Howard Marks recently said “The process of lowering rates causes assets to inflate. There will be more wealth piled up by the people who have assets and it’ll be harder for people who just have a little bit of savings to make a return.”

Marks is hardly alone in this line of thinking. “The Fed is punishing savers” is one of the most commonly used financial quotes of the last decade. And while there might be elements of truth to this, I think there’s more to the story.

There are a lot of problems in this world, but the idea that savers are being robbed by lower interest rates, in my opinion, is not one of them. Here’s why:

  • Why should people be entitled to reward with no risk?
  • What’s so great about high interest rates? Be careful what you wish for.
  • Low rates are bad for risk-free investors, but they’re good for consumers.
  • Who are these “savers” everyone keeps talking about anyway?

Why should you get reward with no risk?

You are owed nothing. This goes for investors who take risk in the stock market, and it goes doubly for people who don’t take much risk at all.

If you were able to stomach a moderate amount of risk, say in a 50/50 portfolio for example, you would have earned 8.5% a year since 2010. Low interest rates didn’t punish savers, avoiding risk did it for them.*

What’s so great about high interest rates? Be careful what you wish for.

Interest rates rose from the end of World War II through the end of the 1970s, and have been on the decline ever since.

It’s understandable why investors yearn for the days double digit interest rates. But you have to consider the type of environment that could breed such a high cost of money. It’s great that the government used to pay you 15% to lend them money for two years, but what the government giveth, inflation taketh.

The chart below shows that the benefit of higher rates was often negated by the cost of higher prices everywhere.
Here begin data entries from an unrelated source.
lemma nn_set_integral_abs_le_Holder:
  fixes f :: "'a \<Rightarrow> real"
  assumes f: "f \<in> borel_measurable M" and B: "B \<in> sets M"
    and r: "0 < r" "r < 1"
    and m: "emeasure M B = ennreal m" "0 < m"
    and k: "(\<integral>\<^sup>+x\<in>B. ennreal (\<bar>f x\<bar> powr (1/r)) \<partial>M) \<le> ennreal k" "0 \<le> k"
  shows "(\<integral>\<^sup>+x\<in>B. ennreal \<bar>f x\<bar> \<partial>M) \<le> ennreal (k powr r * m powr (1 - r))"
proof (cases "k = 0")
  case True
  then have "(\<integral>\<^sup>+x. ennreal (\<bar>f x\<bar> powr (1/r)) * indicator B x \<partial>M) = 0"
    using k by simp
  then have "AE x in M. ennreal (\<bar>f x\<bar> powr (1/r)) * indicator B x = 0"
    using f B by (subst (asm) nn_integral_0_iff_AE) auto
  then have "AE x in M. ennreal \<bar>f x\<bar> * indicator B x = 0"
    by eventually_elim (auto split: split_indicator)
  then have "(\<integral>\<^sup>+x\<in>B. ennreal \<bar>f x\<bar> \<partial>M) = 0"
    using f B by (subst nn_integral_0_iff_AE) auto
  then show ?thesis by simp
next
  case False
  then have "0 < k" using k by simp
  define C where "C = k powr r * m powr (1 - r)"
  have "C > 0" using \<open>0 < k\<close> m by (simp add: C_def)
  have "(\<integral>\<^sup>+x\<in>B. ennreal \<bar>f x\<bar> \<partial>M)
      \<le> (\<integral>\<^sup>+x\<in>B. ennreal (C * r / k) * ennreal (\<bar>f x\<bar> powr (1/r)) + ennreal (C * (1 - r) / m) \<partial>M)"
  proof (intro nn_integral_mono mult_right_mono)
    fix x
    have "\<bar>f x\<bar> \<le> C * r / k * \<bar>f x\<bar> powr (1/r) + C * (1 - r) / m"
      using weighted_AM_GM_powr[OF r \<open>0 < k\<close> m(2), of "\<bar>f x\<bar>"]
      by (simp add: C_def algebra_simps)
    then show "ennreal \<bar>f x\<bar> \<le> ennreal (C * r / k) * ennreal (\<bar>f x\<bar> powr (1/r)) + ennreal (C * (1 - r) / m)"
      using r m \<open>0 < k\<close> \<open>C > 0\<close> by (simp flip: ennreal_mult ennreal_plus)
  qed simp
  also have "\<dots> = ennreal (C * r / k) * (\<integral>\<^sup>+x\<in>B. ennreal (\<bar>f x\<bar> powr (1/r)) \<partial>M)
      + ennreal (C * (1 - r) / m) * emeasure M B"
    using f B by (simp add: distrib_right nn_integral_add nn_integral_cmult mult.assoc)
  also have "\<dots> \<le> ennreal (C * r / k) * ennreal k + ennreal (C * (1 - r) / m) * ennreal m"
    using k m by (intro add_mono mult_left_mono) auto
  also have "\<dots> = ennreal (C * r / k * k + C * (1 - r) / m * m)"
    using r m \<open>0 < k\<close> \<open>C > 0\<close> by (simp flip: ennreal_mult ennreal_plus)
  also have "C * r / k * k + C * (1 - r) / m * m = C"
    using m \<open>0 < k\<close> by (simp add: field_simps)
  finally show ?thesis by (simp add: C_def)
qed

definition morrey_modular :: "real \<Rightarrow> ('a::euclidean_space set \<Rightarrow> real) \<Rightarrow> ('a \<Rightarrow> real) \<Rightarrow> ('a \<Rightarrow> real) \<Rightarrow> ennreal" where
  "morrey_modular p \<phi> w f =
     (SUP B\<in>balls. (\<integral>\<^sup>+x\<in>B. ennreal (\<bar>f x\<bar> powr p * w x) \<partial>lebesgue) / ennreal (\<phi> B))"

lemma morrey_norm_eq_enn_root: "morrey_norm p \<phi> w f = enn_root p (morrey_modular p \<phi> w f)"
  by (simp add: morrey_norm_def morrey_modular_def)

lemma enn_root_le_1_iff:
  assumes "0 < p"
  shows "enn_root p t \<le> 1 \<longleftrightarrow> t \<le> 1"
proof (cases t)
  case (real x)
  have "x powr (1/p) \<le> 1 \<longleftrightarrow> x \<le> 1" if "0 \<le> x"
    using that assms gr_one_powr[of x "1/p"] powr_mono2[of "1/p" x 1] by (auto simp: not_le[symmetric])
  then show ?thesis using real by (simp add: enn_root_def ennreal_le_1)
qed (simp add: enn_root_def)

lemma morrey_norm_le_1_iff: "0 < p \<Longrightarrow> morrey_norm p \<phi> w f \<le> 1 \<longleftrightarrow> morrey_modular p \<phi> w f \<le> 1"
  by (simp add: morrey_norm_eq_enn_root enn_root_le_1_iff)

lemma morrey_modular_mono:
  assumes "\<forall>x. 0 \<le> w x" "0 \<le> p" "\<And>x. \<bar>g x\<bar> \<le> \<bar>f x\<bar>"
  shows "morrey_modular p \<phi> w g \<le> morrey_modular p \<phi> w f"
  unfolding morrey_modular_def
  using assms by (intro SUP_mono' divide_right_mono_ennreal nn_integral_mono mult_right_mono
      ennreal_leI powr_mono2) auto

lemma morrey_modular_abs_powr:
  assumes "0 < q"
  shows "morrey_modular q \<phi> w (\<lambda>x. \<bar>f x\<bar> powr (p / q)) = morrey_modular p \<phi> w f"
  using assms by (simp add: morrey_modular_def powr_powr)

lemma morrey_norm_indicator:
  assumes "0 < p"
  shows "morrey_norm p \<phi> w (indicator B) = enn_root p (morrey_modular 1 \<phi> w (indicator B))"
proof -
  have "\<bar>indicator B x :: real\<bar> powr p = \<bar>indicator B x\<bar> powr 1" for x
    using assms by (simp split: split_indicator)
  then show ?thesis by (simp add: morrey_norm_eq_enn_root morrey_modular_def)
qed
People remember the 70s for high interest rates; they should also remember them for high inflation, lines at the gas pump, and the worst bear market for stocks since the great depression.

We long for the good old days of reward without risk, but “In attempting to find out just what, if anything, was good in the good old days” like Fred Schwed once said, “it is necessary to determine when the good old days were.” Perhaps investors are remembering good old days that never really existed in the first place.

 

Low rates are bad for risk-free investors, but they’re good for consumers

There are two sides to every coin. You can’t talk about savers without talking about consumers. And the latter outnumber the former by orders of magnitude. Whatever people are not receiving from a low rates is being more than made up for in their mortgage and other items that are financed.
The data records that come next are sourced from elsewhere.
(* Let $a_0=0$ and let $a_1<a_2<a_3<\cdots$ be the increasing enumeration of $\mathcal{A}=\{m\ge1:\ c_m=1\}$. Let $(b_n)_{n\ge0}$ be defined by $b_0=0$, $b_{2n}=4b_n$, $b_{2n+1}=4b_n+2$. Then for every integer $k\ge 0$ and every $r\in\{-1,0,1,2\}$ with $4k+r\ge 0$, $$a_{4k+r}=4b_k+r.$$
   Context: For $n\in\mathbb{N}$ let $s_2(n)$ be the sum of the binary digits of $n$ and $t_n=s_2(n)\bmod 2$ (the Prouhet–Thue–Morse sequence). Let $F(X)=\sum_{n\ge1}t_nX^n\in\mathbb{F}_2[[X]]$ and let $G(X)=\sum_{n\ge1}c_nX^n\in\mathbb{F}_2[[X]]$ be its compositional inverse, i.e. $F(G(X))=G(F(X))=X$. The $c_n$ are identified with integers in $\{0,1\}$. Note that $b_n$ is the integer whose base-4 expansion is obtained from the binary expansion of $n$ by replacing each digit $1$ by $2$. *)

theory Defs
  imports "HOL-Computational_Algebra.Formal_Power_Series" "HOL-Library.Z2" "HOL-Library.Infinite_Set"
begin

fun s2 :: "nat \<Rightarrow> nat" where
  "s2 n = (if n = 0 then 0 else n mod 2 + s2 (n div 2))"

definition tm :: "nat \<Rightarrow> bit" where
  "tm n = of_nat (s2 n mod 2)"

definition TM_F :: "bit fps" where
  "TM_F = Abs_fps (\<lambda>n. if n = 0 then 0 else tm n)"

definition TM_G :: "bit fps" where
  "TM_G = fps_inv TM_F"

definition cc :: "nat \<Rightarrow> nat" where
  "cc n = (if fps_nth TM_G n = 1 then 1 else 0)"

definition AA :: "nat set" where
  "AA = {m. m \<ge> 1 \<and> cc m = 1}"

definition aa :: "nat \<Rightarrow> nat" where
  "aa n = (if n = 0 then 0 else enumerate AA (n - 1))"

fun bb :: "nat \<Rightarrow> nat" where
  "bb n = (if n = 0 then 0 else 4 * bb (n div 2) + 2 * (n mod 2))"

end

theory Submission
  imports Defs
begin

text \<open>
  Over \<open>F\<^sub>2\<close> squaring is the substitution \<open>X \<mapsto> X\<^sup>2\<close>, so the recursions
  \<open>t\<^sub>2\<^sub>n = t\<^sub>n\<close>, \<open>t\<^sub>2\<^sub>n\<^sub>+\<^sub>1 = 1 + t\<^sub>n\<close> make \<open>F\<close> a root of the quadratic
  \<open>(1+X)\<^sup>2 Y = (1+X)\<^sup>3 Y\<^sup>2 + X\<close>. Likewise the series \<open>B = \<Sum>\<^sub>k X\<^bsup>b\<^sub>k\<^esup>\<close> satisfies
  \<open>B = (1+X\<^sup>2) B(X\<^sup>4) = (1+X)\<^sup>2 B\<^sup>4\<close>, i.e. \<open>(1+X)\<^sup>2 B\<^sup>3 = 1\<close>. For the series \<open>G\<close> with
  \<open>X (1+G) = (1+X) B - 1\<close> this cubic relation says exactly that \<open>Y = X\<close> solves the quadratic
  with \<open>X\<close> replaced by \<open>G\<close>; so does \<open>Y = F(G)\<close>, and the quadratic has only one root without
  constant term, hence \<open>F(G) = X\<close> and \<open>G\<close> is the inverse of \<open>F\<close>. The coefficients of \<open>(1+X) B\<close>
  are those of \<open>(1+X+X\<^sup>2+X\<^sup>3) B(X\<^sup>4)\<close>, so \<open>c\<^sub>m = 1\<close> iff \<open>m \<ge> 1\<close> and
  \<open>\<lfloor>(m+1)/4\<rfloor>\<close> is some \<open>b\<^sub>k\<close>: the set \<open>{0} \<union> \<A>\<close> is the union of the blocks
  \<open>{4b\<^sub>k - 1, \<dots>, 4b\<^sub>k + 2}\<close>, which follow each other in order because \<open>b\<close> is increasing.
\<close>

unbundle fps_syntax

text \<open>The defining equations of \<^const>\<open>s2\<close> and \<^const>\<open>bb\<close> loop under the simplifier.\<close>
declare s2.simps [simp del] bb.simps [simp del]

lemma fps_compose_X_power_nth:
  fixes f :: "'a::comm_ring_1 fps"
  assumes "0 < d"
  shows "(f oo fps_X ^ d) $ n = (if d dvd n then f $ (n div d) else 0)"
proof -
  have "(f oo fps_X ^ d) $ n = (\<Sum>i\<in>{0..n}. if i = n div d \<and> d dvd n then f $ i else 0)"
    unfolding fps_compose_nth power_mult[symmetric] fps_X_power_nth
    by (intro sum.cong) (use assms in auto)
  also have "\<dots> = (if d dvd n then f $ (n div d) else 0)"
    by (simp add: sum.delta' div_le_dividend)
  finally show ?thesis .
qed

lemma sum_X_power_mult_compose_X_power:
  fixes f :: "'a::comm_ring_1 fps"
  assumes "R \<subseteq> {..<d}"
  shows "(\<Sum>j\<in>R. fps_X ^ j) * (f oo fps_X ^ d)
    = Abs_fps (\<lambda>n. if n mod d \<in> R then f $ (n div d) else 0)"
proof (rule fps_ext)
  fix n
  have R: "finite R" using assms finite_subset by blast
  have digit: "j \<le> n \<and> d dvd n - j \<longleftrightarrow> j = n mod d" if "j \<in> R" for j
    using that assms mod_eq_dvd_iff_nat[of j n d] mod_less_eq_dividend[of n d]
    by (metis lessThan_iff mod_less subsetD)
  have "((\<Sum>j\<in>R. fps_X ^ j) * (f oo fps_X ^ d)) $ n
      = (\<Sum>j\<in>R. if j = n mod d then f $ (n div d) else 0)"
  proof (unfold sum_distrib_right fps_sum_nth, intro sum.cong refl)
    fix j assume "j \<in> R"
    then have "0 < d" using assms by auto
    then show "(fps_X ^ j * (f oo fps_X ^ d)) $ n = (if j = n mod d then f $ (n div d) else 0)"
      using digit[OF \<open>j \<in> R\<close>]
      by (auto simp: fps_X_power_mult_nth fps_compose_X_power_nth minus_mod_eq_mult_div)
  qed
  also have "\<dots> = Abs_fps (\<lambda>n. if n mod d \<in> R then f $ (n div d) else 0) $ n"
    using R by (simp add: sum.delta')
  finally show "((\<Sum>j\<in>R. fps_X ^ j) * (f oo fps_X ^ d)) $ n = \<dots>" .
qed

lemma sum_symmetric_char_2:
  fixes h :: "nat \<Rightarrow> 'a::comm_ring_1"
  assumes two: "(2::'a) = 0" and sym: "\<And>i. i \<le> n \<Longrightarrow> h (n - i) = h i"
  shows "(\<Sum>i=0..n. h i) = (if even n then h (n div 2) else 0)"
proof -
  define L where "L = {i. 2 * i < n}"
  define M where "M = (if even n then {n div 2} else {})"
  have L: "finite L" "inj_on (\<lambda>i. n - i) L"
    by (auto simp: L_def inj_on_def intro: finite_subset[of _ "{..<n}"])
  have split: "{0..n} = (L \<union> M) \<union> (\<lambda>i. n - i) ` L"
    by (auto simp: L_def M_def image_iff elim!: evenE) presburger+
  have "(\<Sum>i=0..n. h i) = sum h L + sum h M + sum h ((\<lambda>i. n - i) ` L)"
    unfolding split using L by (subst sum.union_disjoint; auto simp: L_def M_def)+
  also have "sum h ((\<lambda>i. n - i) ` L) = sum h L"
    using L sym by (simp add: sum.reindex L_def)
  also have "sum h L + sum h M + sum h L = 2 * sum h L + sum h M"
    by (simp add: algebra_simps mult_2)
  finally show ?thesis using two by (simp add: M_def)
qed

lemma fps_square_char_2:
  fixes f :: "'a::comm_ring_1 fps"
  assumes "(2::'a) = 0"
  shows "f ^ 2 = Abs_fps (\<lambda>n. (f $ n) ^ 2) oo fps_X ^ 2"
proof (rule fps_ext)
  fix n
  have "(f ^ 2) $ n = (\<Sum>i=0..n. f $ i * f $ (n - i))"
    by (simp add: power2_eq_square fps_mult_nth)
  also have "\<dots> = (if even n then f $ (n div 2) * f $ (n - n div 2) else 0)"
    by (rule sum_symmetric_char_2) (use assms in \<open>simp_all add: mult.commute\<close>)
  also have "\<dots> = (if even n then (f $ (n div 2)) ^ 2 else 0)"
    by (auto simp: power2_eq_square elim!: evenE)
  also have "\<dots> = (Abs_fps (\<lambda>n. (f $ n) ^ 2) oo fps_X ^ 2) $ n"
    by (simp add: fps_compose_X_power_nth[where d = 2])
  finally show "(f ^ 2) $ n = \<dots>" .
qed

lemma fps_quadratic_root_unique:
  fixes a b c y z :: "'a::idom fps"
  assumes "a * y = b * y ^ 2 + c" and "a * z = b * z ^ 2 + c"
    and "y $ 0 = 0" and "z $ 0 = 0" and "a $ 0 \<noteq> 0"
  shows "y = z"
proof -
  have "(y - z) * (a - b * (y + z)) = (a * y - b * y ^ 2 - c) - (a * z - b * z ^ 2 - c)"
    by algebra
  then have "(y - z) * (a - b * (y + z)) = 0"
    using assms(1,2) by simp
  moreover have "a - b * (y + z) \<noteq> 0"
  proof
    assume "a - b * (y + z) = 0"
    then have "(a - b * (y + z)) $ 0 = 0" by simp
    then show False using assms(3-5) by simp
  qed
  ultimately show "y = z" by simp
qed

lemma fps_inv_eqI:
  fixes f g :: "'a::field fps"
  assumes "f $ 0 = 0" and "f $ 1 \<noteq> 0" and "g $ 0 = 0" and "f oo g = fps_X"
  shows "fps_inv f = g"
proof -
  have "fps_inv f = fps_inv f oo (f oo g)"
    using assms(4) by simp
  also have "\<dots> = (fps_inv f oo f) oo g"
    using assms(1,3) by (simp add: fps_compose_assoc)
  finally show ?thesis
    using assms(1-3) by (simp add: fps_inv)
qed

lemma enumerate_range_strict_mono:
  fixes f :: "nat \<Rightarrow> nat"
  assumes "strict_mono f"
  shows "enumerate (range f) = f"
proof
  have inf: "infinite (range f)"
    using assms by (simp add: range_inj_infinite strict_mono_imp_inj_on)
  fix n
  show "enumerate (range f) n = f n"
  proof (induction n)
    case 0
    show ?case
      unfolding enumerate_0
      by (rule Least_equality) (auto simp: strict_mono_less_eq[OF assms])
  next
    case (Suc n)
    show ?case
      unfolding enumerate_Suc''[OF inf] Suc.IH
      by (rule Least_equality) (auto simp: strict_mono_less_eq[OF assms] strict_mono_less[OF assms])
  qed
qed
Who are these “savers” everyone keeps talking about?

You might say that people who have mortgages and other financial assets are not “savers.” Okay but 24% of Americans don’t have at least $400 in savings. So then who are we really talking about? Are savers people who have between $100,000 and $200,000 in investable assets? Are they over 50 years old? 60? Are they still working? Do they have a pension?
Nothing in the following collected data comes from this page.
lemma coeff_indep_numerator: "coeff indep_numerator \<alpha> = (\<Sum>S\<in>indep_sets. (-1) ^ (\<alpha> - card S))"
  unfolding indep_numerator_def coeff_sum
proof (rule sum.cong[OF refl])
  fix S assume "S \<in> indep_sets"
  then have "\<alpha> = card S + (\<alpha> - card S)" using card_le_indep_number by simp
  then show "coeff (monom 1 (card S) * [:1, -1::int:] ^ (\<alpha> - card S)) \<alpha> = (-1) ^ (\<alpha> - card S)"
    by (metis coeff_monom_mult_power_one_minus_X)
qed

lemma alternating_sum_indep_sets:
  "(\<Sum>S\<in>indep_sets. (-1::int) ^ (\<alpha> - card S))
    = (-1) ^ \<alpha> * (1 - (\<Sum>j=1..\<alpha>. (-1) ^ (j - 1) * int (num_indep V E j)))"
proof -
  have "(\<Sum>S\<in>indep_sets. (-1::int) ^ (\<alpha> - card S)) = (-1) ^ \<alpha> * (\<Sum>S\<in>indep_sets. (-1) ^ card S)"
    unfolding sum_distrib_left using card_le_indep_number
    by (intro sum.cong) (simp_all flip: power_add neg_one_power_add_eq_neg_one_power_diff)
  also have "(\<Sum>S\<in>indep_sets. (-1::int) ^ card S)
      = (\<Sum>j=0..\<alpha>. \<Sum>S\<in>{S \<in> indep_sets. card S = j}. (-1) ^ card S)"
    using finite_indep_sets card_le_indep_number by (intro sum.group[symmetric]) auto
  also have "\<dots> = (\<Sum>j=0..\<alpha>. (-1) ^ j * int (num_indep V E j))"
    by (simp add: num_indep_def mult.commute)
  also have "\<dots> = 1 + (\<Sum>j=1..\<alpha>. (-1) ^ j * int (num_indep V E j))"
    by (simp add: sum.atLeast_Suc_atMost num_indep_0)
  also have "(\<Sum>j=1..\<alpha>. (-1::int) ^ j * int (num_indep V E j))
      = - (\<Sum>j=1..\<alpha>. (-1) ^ (j - 1) * int (num_indep V E j))"
    unfolding sum_negf[symmetric] by (rule sum.cong) (auto simp: power_eq_if)
  finally show ?thesis by simp
qed

end

theorem theorem3p2:
  fixes V :: "'v set" and E :: "'v set set"
  assumes "simple_graph V E"
  shows "degree (hilbert_numerator TYPE('k::field) V E) = indep_number V E
     \<longleftrightarrow> (\<Sum>j=1..indep_number V E. (-1::int) ^ (j - 1) * int (num_indep V E j)) \<noteq> 1"
proof -
  interpret finite_simple_graph V E by unfold_locales (rule assms)
  have "poly indep_numerator 1 \<noteq> 0"
    using poly_indep_numerator_1 num_indep_indep_number_pos by simp
  then have "hilbert_numerator TYPE('k) V E = indep_numerator"
    by (intro hilbert_numerator_eqI[OF fps_of_indep_numerator])
  moreover have "indep_numerator \<noteq> 0"
    using \<open>poly indep_numerator 1 \<noteq> 0\<close> by auto
  ultimately show ?thesis
    by (simp add: degree_eq_iff_coeff_nonzero degree_indep_numerator_le
        coeff_indep_numerator alternating_sum_indep_sets)
qed

end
The point is, I feel like the word saver is thrown around all the time without any sort of explanation of who exactly we’re talking about. “The fed is punishing savers” is a euphemism for “I don’t really like what’s going on.”

***

It’s certainly possible that money has been too easy for too long, and that we look back on this period with disbelief. It’s not very hard to imagine. But the fact that cheap money is funding projects that might otherwise not get off the ground does not mean that savers are being punished. They are two different things, even though they might be share a common relative.

The Federal Reserve has two mandates, neither of which are take care of savers.

There’s always been booms and busts and haves and have nots. It’s easy to blame central bankers, but they’re not the root of all our problems.

*This might sound overly harsh. It’s very easy to understand why people avoided risk in 2010, and that had nothing to do with the Fed.